**Exercise description**.
The line containing "(\<Sum>m\<in>Poly_Mapping.keys p. Poly_Mapping.single" marks the end, so write out exactly every line from the top of the entries below through that one.

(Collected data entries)
definition fa_var :: "nat \<Rightarrow> grp \<Rightarrow> 'a::comm_ring_1 fa" where
  "fa_var i a = Poly_Mapping.single (Var i a) 1"

definition fa_smul :: "'a::comm_ring_1 \<Rightarrow> 'a fa \<Rightarrow> 'a fa" where
  "fa_smul c p = (\<Sum>m\<in>Poly_Mapping.keys p. Poly_Mapping.single m (c * Poly_Mapping.lookup p m))"

definition fa_mult :: "'a::comm_ring_1 fa \<Rightarrow> 'a fa \<Rightarrow> 'a fa" where
  "fa_mult p q = (\<Sum>m\<in>Poly_Mapping.keys p. \<Sum>n\<in>Poly_Mapping.keys q. Poly_Mapping.single (Mul m n) (Poly_Mapping.lookup p m * Poly_Mapping.lookup q n))"

definition fa_homog :: "grp \<Rightarrow> 'a::comm_ring_1 fa \<Rightarrow> bool" where
  "fa_homog g p \<longleftrightarrow> (\<forall>m\<in>Poly_Mapping.keys p. mdeg m = g)"

fun msubst :: "(nat \<Rightarrow> grp \<Rightarrow> 'a::comm_ring_1 fa) \<Rightarrow> mon \<Rightarrow> 'a fa" where
  "msubst \<sigma> (Var i a) = \<sigma> i a"
| "msubst \<sigma> (Mul u v) = fa_mult (msubst \<sigma> u) (msubst \<sigma> v)"

definition fa_subst :: "(nat \<Rightarrow> grp \<Rightarrow> 'a::comm_ring_1 fa) \<Rightarrow> 'a fa \<Rightarrow> 'a fa" where
  "fa_subst \<sigma> p = (\<Sum>m\<in>Poly_Mapping.keys p. fa_smul (Poly_Mapping.lookup p m) (msubst \<sigma> m))"

definition graded_subst :: "(nat \<Rightarrow> grp \<Rightarrow> 'a::comm_ring_1 fa) \<Rightarrow> bool" where
  "graded_subst \<sigma> \<longleftrightarrow> (\<forall>i a. fa_homog a (\<sigma> i a))"

inductive_set gTideal :: "'a::comm_ring_1 fa set \<Rightarrow> 'a fa set" for S :: "'a fa set" where
  gT_gen: "p \<in> S \<Longrightarrow> p \<in> gTideal S"
| gT_zero: "0 \<in> gTideal S"
| gT_add: "p \<in> gTideal S \<Longrightarrow> q \<in> gTideal S \<Longrightarrow> p + q \<in> gTideal S"
| gT_smul: "p \<in> gTideal S \<Longrightarrow> fa_smul c p \<in> gTideal S"
| gT_multl: "p \<in> gTideal S \<Longrightarrow> fa_mult r p \<in> gTideal S"
| gT_multr: "p \<in> gTideal S \<Longrightarrow> fa_mult p r \<in> gTideal S"
| gT_subst: "p \<in> gTideal S \<Longrightarrow> graded_subst \<sigma> \<Longrightarrow> fa_subst \<sigma> p \<in> gTideal S"

fun oct_meval :: "'a::comm_ring_1 \<Rightarrow> 'a \<Rightarrow> 'a \<Rightarrow> (nat \<Rightarrow> grp \<Rightarrow> 'a oct) \<Rightarrow> mon \<Rightarrow> 'a oct" where
  "oct_meval \<alpha> \<beta> \<gamma> \<phi> (Var i a) = \<phi> i a"
| "oct_meval \<alpha> \<beta> \<gamma> \<phi> (Mul u v) = oct_mult \<alpha> \<beta> \<gamma> (oct_meval \<alpha> \<beta> \<gamma> \<phi> u) (oct_meval \<alpha> \<beta> \<gamma> \<phi> v)"

definition oct_eval :: "'a::comm_ring_1 \<Rightarrow> 'a \<Rightarrow> 'a \<Rightarrow> (nat \<Rightarrow> grp \<Rightarrow> 'a oct) \<Rightarrow> 'a fa \<Rightarrow> 'a oct" where
  "oct_eval \<alpha> \<beta> \<gamma> \<phi> p = (\<Sum>m\<in>Poly_Mapping.keys p. oct_smul (Poly_Mapping.lookup p m) (oct_meval \<alpha> \<beta> \<gamma> \<phi> m))"

definition oct_TG :: "'a::comm_ring_1 \<Rightarrow> 'a \<Rightarrow> 'a \<Rightarrow> 'a fa set" where
  "oct_TG \<alpha> \<beta> \<gamma> = {p. \<forall>\<phi>. (\<forall>i a. \<phi> i a \<in> oct_comp a) \<longrightarrow> oct_eval \<alpha> \<beta> \<gamma> \<phi> p = 0}"

definition fa_comm :: "'a::comm_ring_1 fa \<Rightarrow> 'a fa \<Rightarrow> 'a fa" where
  "fa_comm x y = fa_mult x y - fa_mult y x"
definition fa_jordan :: "'a::comm_ring_1 fa \<Rightarrow> 'a fa \<Rightarrow> 'a fa" where
  "fa_jordan x y = fa_mult x y + fa_mult y x"
definition fa_assoc :: "'a::comm_ring_1 fa \<Rightarrow> 'a fa \<Rightarrow> 'a fa \<Rightarrow> 'a fa" where
  "fa_assoc x y z = fa_mult (fa_mult x y) z - fa_mult x (fa_mult y z)"

definition oct_gens :: "'a::comm_ring_1 fa set" where
  "oct_gens =
     {fa_comm (fa_var 1 a) (fa_var 2 b) | a b. card (gsub {a, b}) \<le> 2}
   \<union> {fa_jordan (fa_var 1 a) (fa_var 2 b) | a b. card (gsub {a, b}) \<ge> 4}
   \<union> {fa_assoc (fa_var 1 a) (fa_var 2 b) (fa_var 3 c) | a b c. card (gsub {a, b, c}) \<le> 4}
   \<union> {fa_mult (fa_mult (fa_var 1 a) (fa_var 2 b)) (fa_var 3 c)
        + fa_mult (fa_var 1 a) (fa_mult (fa_var 2 b) (fa_var 3 c)) | a b c. gsub {a, b, c} = UNIV}"

end

theory Submission
  imports Defs "HOL-Library.Product_Lexorder" "HOL-Library.Multiset" "HOL-Computational_Algebra.Polynomial"
begin

text \<open>
  The octonions have a basis \<open>e g\<close> (\<open>g \<in> \<int>\<^sub>2\<^sup>3\<close>) of homogeneous elements with
  \<open>e a * e b = c(a,b) e (a + b)\<close>, where \<open>c(a,b)\<close> is \<open>\<plusminus>\<close> a product of \<open>\<alpha>, \<beta>, \<gamma>\<close>.
  The elements \<open>e a, e b\<close> commute when \<open>a, b\<close> generate a subgroup of order at most 2 and
  anticommute otherwise, and \<open>(e a * e b) * e c = \<plusminus> e a * (e b * e c)\<close> with sign \<open>+\<close> exactly
  when \<open>a, b, c\<close> generate a subgroup of order at most 4. Hence the four families are graded
  identities.

  Conversely, the identities let one commute and reassociate factors up to sign, so modulo the
  graded T-ideal they generate every monomial is \<open>\<plusminus>\<close> the right-normed product of its variables
  in sorted order, and a graded identity is congruent to a combination of distinct sorted
  monomials that is still an identity. Substituting \<open>x\<^sub>i\<^sup>a \<mapsto> t(i,a) e a\<close> with indeterminate
  scalars \<open>t(i,a)\<close>, the coordinates of its value are polynomials in the \<open>t(i,a)\<close> whose
  coefficients are the given ones times nonzero structure constants. Over an infinite domain such
  a polynomial function vanishes only if all its coefficients do, so the combination is zero.
\<close>

lemma gadd_assoc: "gadd (gadd a b) c = gadd a (gadd b c)"
  by (auto simp: gadd_def)
(* Let $\pi\colon\mathsf{States}\to\mathbb{R}_{\ge0}$ be a potential function. For every program $C$ of the heap-manipulating probabilistic guarded command language, $$\mathsf{ert}[\![C]\!](0)\;\preceq\;\mathsf{aert}_\pi[\![C]\!](0)+\pi .$$
   Context: States and programs. Fix a finite set $\mathrm{Vars}$ of variables; values are $\mathbb{N}$, locations are $\mathbb{N}_{>0}$. A stack is $s\colon \mathrm{Vars}\to\mathbb{N}$; a heap is a partial map $h$ from a finite set $\mathrm{dom}(h)\subseteq\mathbb{N}_{>0}$ to $\mathbb{N}$. $h_1\perp h_2$ means disjoint domains; then $h_1\star h_2$ is their union; $h_\emptyset$ is the empty heap. $\mathsf{States}$ is the set of pairs $(s,h)$. $s(e)$ is the value of a (heap-independent) arithmetic expression $e$ under $s$, $s\models\varphi$ means the Boolean expression $\varphi$ holds under $s$, $s[x\mapsto v]$ is the updated stack. Programs are generated by $C ::= \mathtt{tick}(e) \mid x:=e \mid x:=\mathtt{alloc}(e) \mid \langle e\rangle:=e' \mid x:=\langle e\rangle \mid \mathtt{free}(e) \mid \{C\}[p]\{C\} \mid \mathtt{if}(\varphi)\{C\}\mathtt{else}\{C\} \mid C;C \mid \mathtt{while}(\varphi)\{C\}$, where $p$ is an expression with $s(p)\in[0,1]\cap\mathbb{Q}$ for all $s$. The statements other than tick, probabilistic choice, conditional, sequencing and loops are called atomic. Runtimes. $\mathbb{T}$ is the set of functions $\mathsf{States}\to[0,\infty]$, ordered pointwise by $\preceq$; arithmetic is pointwise with $0\cdot\infty=0$; $0$ denotes the constant-zero function. $[\varphi]$ is the $0/1$-valued Iverson bracket. Truncated subtraction: $a\dot- b=\max(a-b,0)$, $\infty\dot- b=\infty$ for finite $b$, $a\dot-\infty=0$. $(f\oplus g)(s,h)=\min\{f(s,h_1)+g(s,h_2)\mid h=h_1\star h_2\}$; $(f \mathbin{-\!\!\ominus} g)(s,h)=\sup\{g(s,h\star h')\dot- f(s,h')\mid h'\perp h\}$; $(\inf y\colon f)(s,h)=\inf_{v\in\mathbb{N}} f(s[y\mapsto v],h)$, $(\sup y\colon f)(s,h)=\sup_{v\in\mathbb{N}}f(s[y\mapsto v],h)$; $f[x/e](s,h)=f(s[x\mapsto s(e)],h)$. $\mathsf{tm}(e)(s,h)=s(e)$ if $h=h_\emptyset$, else $\infty$; $[e\mapsto e'](s,h)=0$ if $\mathrm{dom}(h)=\{s(e)\}$ and $h(s(e))=s(e')$, else $\infty$; $[e\mapsto -](s,h)=0$ if $\mathrm{dom}(h)=\{s(e)\}$, else $\infty$; $\bigoplus_{i=1}^{e} f_i$ is the separating sum over $i=1,\dots,s(e)$ (empty one: $[\mathsf{emp}]$, which is $0$ if $h=h_\emptyset$, else $\infty$). $\mathsf{ert}[\![C]\!]\colon\mathbb{T}\to\mathbb{T}$ (with $v$ fresh): $\mathsf{ert}[\![\mathtt{tick}(e)]\!](f)=\mathsf{tm}(e)\oplus f$; $\mathsf{ert}[\![x:=e]\!](f)=f[x/e]$; $\mathsf{ert}[\![x:=\mathtt{alloc}(e)]\!](f)=\sup v\colon (\bigoplus_{i=1}^{e}[v+i-1\mapsto 0])\mathbin{-\!\!\ominus} f[x/v]$; $\mathsf{ert}[\![\langle e\rangle:=e']\!](f)=[e\mapsto-]\oplus([e\mapsto e']\mathbin{-\!\!\ominus} f)$; $\mathsf{ert}[\![x:=\langle e\rangle]\!](f)=\inf v\colon [e\mapsto v]\oplus([e\mapsto v]\mathbin{-\!\!\ominus} f[x/v])$; $\mathsf{ert}[\![\mathtt{free}(e)]\!](f)=[e\mapsto-]\oplus f$; $\mathsf{ert}[\![C_1;C_2]\!](f)=\mathsf{ert}[\![C_1]\!](\mathsf{ert}[\![C_2]\!](f))$; conditional: $[\varphi]\cdot\mathsf{ert}[\![C_1]\!](f)+[\neg\varphi]\cdot\mathsf{ert}[\![C_2]\!](f)$; probabilistic choice: $p\cdot\mathsf{ert}[\![C_1]\!](f)+(1-p)\cdot\mathsf{ert}[\![C_2]\!](f)$; $\mathsf{ert}[\![\mathtt{while}(\varphi)\{C\}]\!](f)=\mathrm{lfp}\, g.\ [\neg\varphi]\cdot f+[\varphi]\cdot\mathsf{ert}[\![C]\!](g)$. Amortized runtimes. A potential function is $\pi\colon\mathsf{States}\to\mathbb{R}_{\ge0}$. $\mathbb{A}_\pi=\{X\colon\mathsf{States}\to\mathbb{R}\cup\{\infty\}\mid -\pi\le X\}$, ordered pointwise (complete lattice, least element $-\pi$). $\mathsf{aert}_\pi[\![C]\!]\colon\mathbb{A}_\pi\to\mathbb{A}_\pi$: $\mathsf{aert}_\pi[\![\mathtt{tick}(e)]\!](X)=e+X$; for atomic $C$ other than tick, $\mathsf{aert}_\pi[\![C]\!](X)=\mathsf{ert}[\![C]\!](X+\pi)-\pi$; sequencing by composition; conditional $[\varphi]\cdot\mathsf{aert}_\pi[\![C_1]\!](X)+[\neg\varphi]\cdot\mathsf{aert}_\pi[\![C_2]\!](X)$; probabilistic choice $p\cdot\mathsf{aert}_\pi[\![C_1]\!](X)+(1-p)\cdot\mathsf{aert}_\pi[\![C_2]\!](X)$; $\mathsf{aert}_\pi[\![\mathtt{while}(\varphi)\{C'\}]\!](X)=\mathrm{lfp}\,Y.\ [\neg\varphi]\cdot X+[\varphi]\cdot\mathsf{aert}_\pi[\![C']\!](Y)$ in $(\mathbb{A}_\pi,\preceq)$. *)

theory Defs
  imports "HOL-Library.Extended_Nonnegative_Real" "HOL-Library.Extended_Real"
begin

type_synonym 'v stack = "'v \<Rightarrow> nat"

typedef heap = "{h :: nat \<rightharpoonup> nat. finite (dom h) \<and> 0 \<notin> dom h}"
  by (rule exI[of _ Map.empty]) simp

definition hdom :: "heap \<Rightarrow> nat set" where
  "hdom h = dom (Rep_heap h)"

definition hemp :: heap where
  "hemp = Abs_heap Map.empty"

definition hdisj :: "heap \<Rightarrow> heap \<Rightarrow> bool" where
  "hdisj h1 h2 \<longleftrightarrow> hdom h1 \<inter> hdom h2 = {}"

**Reply**.
definition fa_var :: "nat \<Rightarrow> grp \<Rightarrow> 'a::comm_ring_1 fa" where
  "fa_var i a = Poly_Mapping.single (Var i a) 1"

definition fa_smul :: "'a::comm_ring_1 \<Rightarrow> 'a fa \<Rightarrow> 'a fa" where
  "fa_smul c p = (\<Sum>m\<in>Poly_Mapping.keys p. Poly_Mapping.single m (c * Poly_Mapping.lookup p m))"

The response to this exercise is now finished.